Patrzysz mi w oczy-chcesz sprawdzić, czy jestem sobą. Tak, ja, to ja-Ty już wiesz, prawda? Osuwasz delikatnie dłoń, a do mych ust dostaje się kropelka twej krwi- Niezapomniany smak, znów dziękuję. - tylko tyle wypowiadam. Unoszę głowę w górę.Słońce zaszło, zniknął jego parszywy blask, zanikł całkowicie. Niebo przybiera barwę fioletu,przeradzając się w granat. Zerwał się wiatr i rozkazał tańczyć drzewom w swoim takcie. Tak łatwo mu uległy...Jak ludzie...Włosy moje też nie pozostały mu obojętne. Płaszcz mój w twojej krwi będący również mu się poddał. Staram się zasłonić ręką twoje oblicze, by nie przeszkadzał ci odejść, by nic temu nie przeszkodziło...Mocniej chwytasz mą dłoń. Nagle spadło kilka kropel, zaczęła się ulewa. Czułeś, że twój czas się kończy, ja to czułam, odczuwaliśmy oboje...Wtuliłeś się we mnie mocniej, zamknąłeś oczy, a uśmiech z twej twarzy nie zniknął. Czułam jak krew w tobie szybciej krąży, jak się wzbiera, byłeś gotów - A ja mogłam odejść...
Nie masz mi, za co dziękować... - Wyszeptałeś prawie niesłyszalnym szeptem, by potem te same słowa wypowiedzieć w pełni głosem. Cieszyłeś się, byłeś zadowolony, byłeś jak dziecko, które jak troskliwa matka obejmowałam...Czułeś moje ciepło, ból i cierpienie, jakie we mnie było. Znałeś te uczucia tak bardzo.. Dlatego w mych ramionach szukałeś ukojenia......Osunąłeś się delikatnie, w blasku wschodzącego księżyca usłyszałam ,,Last Song"...Zrozumiałam twe przesłanie, utuliłam cię mocniej. Tak wiele, podczas tej chwili, sobie ofiarowaliśmy...Starałeś się ukryć przede mną twarz, jednak widziałam twoje łzy...Łzy goryczy i szczęścia...Delikatnie cmoknęłam cię w czoło.
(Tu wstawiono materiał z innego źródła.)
(* Let $M\le N$ and let $P\in M_M(M_N(\mathbb C))$ be a submagic matrix whose entries $P_{ij}$ are rank one projections. The following are equivalent: (1) the projections $P_{ij}$ pairwise commute; (2) $P$ comes from a pre-Latin square, i.e. there exist a pre-Latin square $L\in M_M(\{1,\ldots,N\})$ and an orthogonal basis $\xi_1,\ldots,\xi_N$ of $\mathbb C^N$ with $P_{ij}=\mathrm{Proj}(\xi_{L_{ij}})$ for all $i,j$. Moreover, in this case, the bialgebra image of $\pi_P:\widetilde A_s(M)\to M_N(\mathbb C)$, $u_{ij}\mapsto P_{ij}$, is $C(G)$, where $G\subset\widetilde S_M$ is the semigroup associated to $L$, with $u_{ij}$ mapped to the function $\sigma\mapsto1$ if $\sigma(j)=i$ and $0$ otherwise.
   Context: A submagic matrix is a square matrix whose entries are orthogonal projections, pairwise orthogonal within each row and within each column. $\widetilde A_s(M)$ is the universal unital $C^*$-algebra generated by the entries $u_{ij}$ of an $M\times M$ submagic matrix, with comultiplication $\Delta(u_{ij})=\sum_k u_{ik}\otimes u_{kj}$. $\mathrm{Proj}(\xi)$ is the orthogonal projection onto $\mathbb C\xi$. A pre-Latin square is a matrix $L\in M_M(\{1,\ldots,N\})$ whose entries are distinct within each row and within each column. $\widetilde S_M$ is the semigroup of partial permutations of $\{1,\ldots,M\}$ (bijections $X\to Y$ with $X,Y\subset\{1,\ldots,M\}$), with product $(\sigma\tau)(j)=\sigma(\tau(j))$ when defined. For $x\in\{1,\ldots,N\}$, $\sigma_x\in\widetilde S_M$ is defined by $\sigma_x(j)=i\iff L_{ij}=x$; the semigroup associated to $L$ is the subsemigroup of $\widetilde S_M$ generated by $\sigma_1,\ldots,\sigma_N$, and $C(G)$ has comultiplication $\Delta(f)(\sigma,\tau)=f(\sigma\tau)$. The bialgebra image of $\pi_P$ is the minimal factorization of $\pi_P$ (restricted to the $*$-algebra generated by the $u_{ij}$) as a surjective comultiplication-preserving unital $*$-homomorphism onto a unital $*$-algebra with comultiplication followed by a $*$-homomorphism to $M_N(\mathbb C)$, minimal in the sense that any other such factorization maps uniquely onto it compatibly with the quotient maps. *)

theory Defs
  imports Main "Jordan_Normal_Form.Schur_Decomposition" "Jordan_Normal_Form.DL_Rank"
begin

text \<open>Indices are 1-based: rows/columns of the M x M submagic matrix range over {1..M},
  labels of the pre-Latin square over {1..N}.  Entries of C^N vectors and of
  N x N matrices are indexed 0..N-1 as in Jordan_Normal_Form.\<close>

definition orth_projection :: "nat \<Rightarrow> complex mat \<Rightarrow> bool" where
  "orth_projection N Q \<longleftrightarrow> Q \<in> carrier_mat N N \<and> Q * Q = Q \<and> mat_adjoint Q = Q"

definition rank_one_projection :: "nat \<Rightarrow> complex mat \<Rightarrow> bool" where
  "rank_one_projection N Q \<longleftrightarrow> orth_projection N Q \<and> vec_space.rank N Q = 1"

definition submagic :: "nat \<Rightarrow> nat \<Rightarrow> (nat \<Rightarrow> nat \<Rightarrow> complex mat) \<Rightarrow> bool" where
  "submagic M N P \<longleftrightarrow>
     (\<forall>i\<in>{1..M}. \<forall>j\<in>{1..M}. orth_projection N (P i j)) \<and>
     (\<forall>i\<in>{1..M}. \<forall>j\<in>{1..M}. \<forall>k\<in>{1..M}. j \<noteq> k \<longrightarrow> P i j * P i k = 0\<^sub>m N N) \<and>
     (\<forall>i\<in>{1..M}. \<forall>j\<in>{1..M}. \<forall>k\<in>{1..M}. i \<noteq> k \<longrightarrow> P i j * P k j = 0\<^sub>m N N)"

definition Proj :: "nat \<Rightarrow> complex vec \<Rightarrow> complex mat" where
  "Proj N \<xi> = (1 / (\<xi> \<bullet>c \<xi>)) \<cdot>\<^sub>m mat N N (\<lambda>(r, c). \<xi> $ r * cnj (\<xi> $ c))"

definition orthogonal_basis :: "nat \<Rightarrow> (nat \<Rightarrow> complex vec) \<Rightarrow> bool" where
  "orthogonal_basis N \<xi> \<longleftrightarrow>
     (\<forall>x\<in>{1..N}. \<xi> x \<in> carrier_vec N \<and> \<xi> x \<noteq> 0\<^sub>v N) \<and>
     (\<forall>x\<in>{1..N}. \<forall>y\<in>{1..N}. x \<noteq> y \<longrightarrow> \<xi> x \<bullet>c \<xi> y = 0) \<and>
     (\<forall>v\<in>carrier_vec N. \<exists>c :: nat \<Rightarrow> complex.
         v = vec N (\<lambda>r. \<Sum>x\<in>{1..N}. c x * (\<xi> x $ r)))"

definition pre_latin_square :: "nat \<Rightarrow> nat \<Rightarrow> (nat \<Rightarrow> nat \<Rightarrow> nat) \<Rightarrow> bool" where
  "pre_latin_square M N L \<longleftrightarrow>
     (\<forall>i\<in>{1..M}. \<forall>j\<in>{1..M}. L i j \<in> {1..N}) \<and>
     (\<forall>i\<in>{1..M}. \<forall>j\<in>{1..M}. \<forall>k\<in>{1..M}. j \<noteq> k \<longrightarrow> L i j \<noteq> L i k) \<and>
     (\<forall>i\<in>{1..M}. \<forall>j\<in>{1..M}. \<forall>k\<in>{1..M}. i \<noteq> k \<longrightarrow> L i j \<noteq> L k j)"

text \<open>A partial permutation of {1..M} is an injective partial map with domain and range in {1..M};
  the product is (sigma tau)(j) = sigma(tau(j)) when defined, i.e. map composition.\<close>
definition partial_perm :: "nat \<Rightarrow> (nat \<rightharpoonup> nat) \<Rightarrow> bool" where
  "partial_perm M \<sigma> \<longleftrightarrow> dom \<sigma> \<subseteq> {1..M} \<and> ran \<sigma> \<subseteq> {1..M} \<and> inj_on \<sigma> (dom \<sigma>)"

text \<open>sigma_x(j) = i iff L_ij = x.\<close>
definition sigma_L :: "nat \<Rightarrow> (nat \<Rightarrow> nat \<Rightarrow> nat) \<Rightarrow> nat \<Rightarrow> (nat \<rightharpoonup> nat)" where
  "sigma_L M L x = (\<lambda>j. if j \<in> {1..M} \<and> (\<exists>i\<in>{1..M}. L i j = x)
                         then Some (THE i. i \<in> {1..M} \<and> L i j = x) else None)"

inductive_set assoc_semigroup :: "nat \<Rightarrow> nat \<Rightarrow> (nat \<Rightarrow> nat \<Rightarrow> nat) \<Rightarrow> (nat \<rightharpoonup> nat) set"
  for M N L where
  gen: "x \<in> {1..N} \<Longrightarrow> sigma_L M L x \<in> assoc_semigroup M N L"
| mult: "\<sigma> \<in> assoc_semigroup M N L \<Longrightarrow> \<tau> \<in> assoc_semigroup M N L \<Longrightarrow> (\<sigma> \<circ>\<^sub>m \<tau>) \<in> assoc_semigroup M N L"

text \<open>Elements of the free unital *-algebra on self-adjoint generators u_ij (i,j in {1..M}):
  finitely supported coefficient functions on words.  The word [(i1,j1),...,(ik,jk)] stands for
  u_{i1 j1} ... u_{ik jk}; the empty word is the unit.  The *-algebra generated by the u_ij in
  the universal algebra is the quotient of this by an ideal containing the submagic relations.\<close>
type_synonym word = "(nat \<times> nat) list"
type_synonym falg = "word \<Rightarrow> complex"
type_synonym ftens = "word \<times> word \<Rightarrow> complex"

definition falg_carrier :: "nat \<Rightarrow> falg set" where
  "falg_carrier M = {f. finite {w. f w \<noteq> 0} \<and> (\<forall>w. f w \<noteq> 0 \<longrightarrow> set w \<subseteq> {1..M} \<times> {1..M})}"

definition falg_gen :: "nat \<Rightarrow> nat \<Rightarrow> falg" where
  "falg_gen i j = (\<lambda>w. if w = [(i, j)] then 1 else 0)"

definition falg_add :: "falg \<Rightarrow> falg \<Rightarrow> falg" where
  "falg_add f g = (\<lambda>w. f w + g w)"

definition falg_smult :: "complex \<Rightarrow> falg \<Rightarrow> falg" where
  "falg_smult c f = (\<lambda>w. c * f w)"

definition falg_mult :: "falg \<Rightarrow> falg \<Rightarrow> falg" where
  "falg_mult f g = (\<lambda>w. \<Sum>k\<in>{0..length w}. f (take k w) * g (drop k w))"

text \<open>Involution: u_ij^* = u_ij, so (u_{w1}...u_{wk})^* = u_{wk}...u_{w1}.\<close>
definition falg_star :: "falg \<Rightarrow> falg" where
  "falg_star f = (\<lambda>w. cnj (f (rev w)))"

definition tens :: "falg \<Rightarrow> falg \<Rightarrow> ftens" where
  "tens f g = (\<lambda>(a, b). f a * g b)"

definition coideal_target :: "nat \<Rightarrow> falg set \<Rightarrow> ftens set" where
  "coideal_target M I = {t. \<exists>n (x :: nat \<Rightarrow> falg) (y :: nat \<Rightarrow> falg).
       (\<forall>k<n. x k \<in> falg_carrier M \<and> y k \<in> falg_carrier M \<and> (x k \<in> I \<or> y k \<in> I)) \<and>
       t = (\<lambda>p. \<Sum>k<n. tens (x k) (y k) p)}"

text \<open>Comultiplication Delta(u_ij) = sum_l u_il (x) u_lj, extended multiplicatively:
  Delta(u_{i1 j1}...u_{ik jk}) = sum_{l_1..l_k} u_{i1 l1}...u_{ik lk} (x) u_{l1 j1}...u_{lk jk}.
  Hence the coefficient of a (x) b in Delta(f) is f(w) where w_t = (fst a_t, snd b_t),
  provided snd a_t = fst b_t \<in> {1..M} for all t, and 0 otherwise.\<close>
definition falg_comult :: "nat \<Rightarrow> falg \<Rightarrow> ftens" where
  "falg_comult M f = (\<lambda>(a, b).
     if length a = length b \<and> (\<forall>t<length a. snd (a ! t) = fst (b ! t) \<and> snd (a ! t) \<in> {1..M})
     then f (map2 (\<lambda>x y. (fst x, snd y)) a b) else 0)"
Odszedłeś.

***

Odeszłam mając zamiar powierzenia cię opiece tych, którzy znaczą dla mnie wiele...Jednak...-Nie mogę cię zostawić. - oznajmiłam. Zaiste, nie mogłam zostawić kogoś, kto poznał mnie taką, jaka jestem. Spełniłam twoje życzenie...Jednak byłeś już za blisko mnie, bym pozwoliła ci odejść..za bardzo przypominałeś mi dom, ten jedyny, prawdziwy Dom, zbyt wiele wspomnień rozbudziłeś. Właśnie za to ci podziękowałam-teraz to do mnie dotarło. Wstań, wezmę cię pod me skrzydła...Chodź, ja cię ochronię, trwaj już wiecznie, bo mnie rozumiesz. Ciepło znów obległo me ciało...Zabrałam cię, byś mógł się ukryć.
Woda pluskała pod moimi butami, za tobą sypały się pióra*. Wróciłeś...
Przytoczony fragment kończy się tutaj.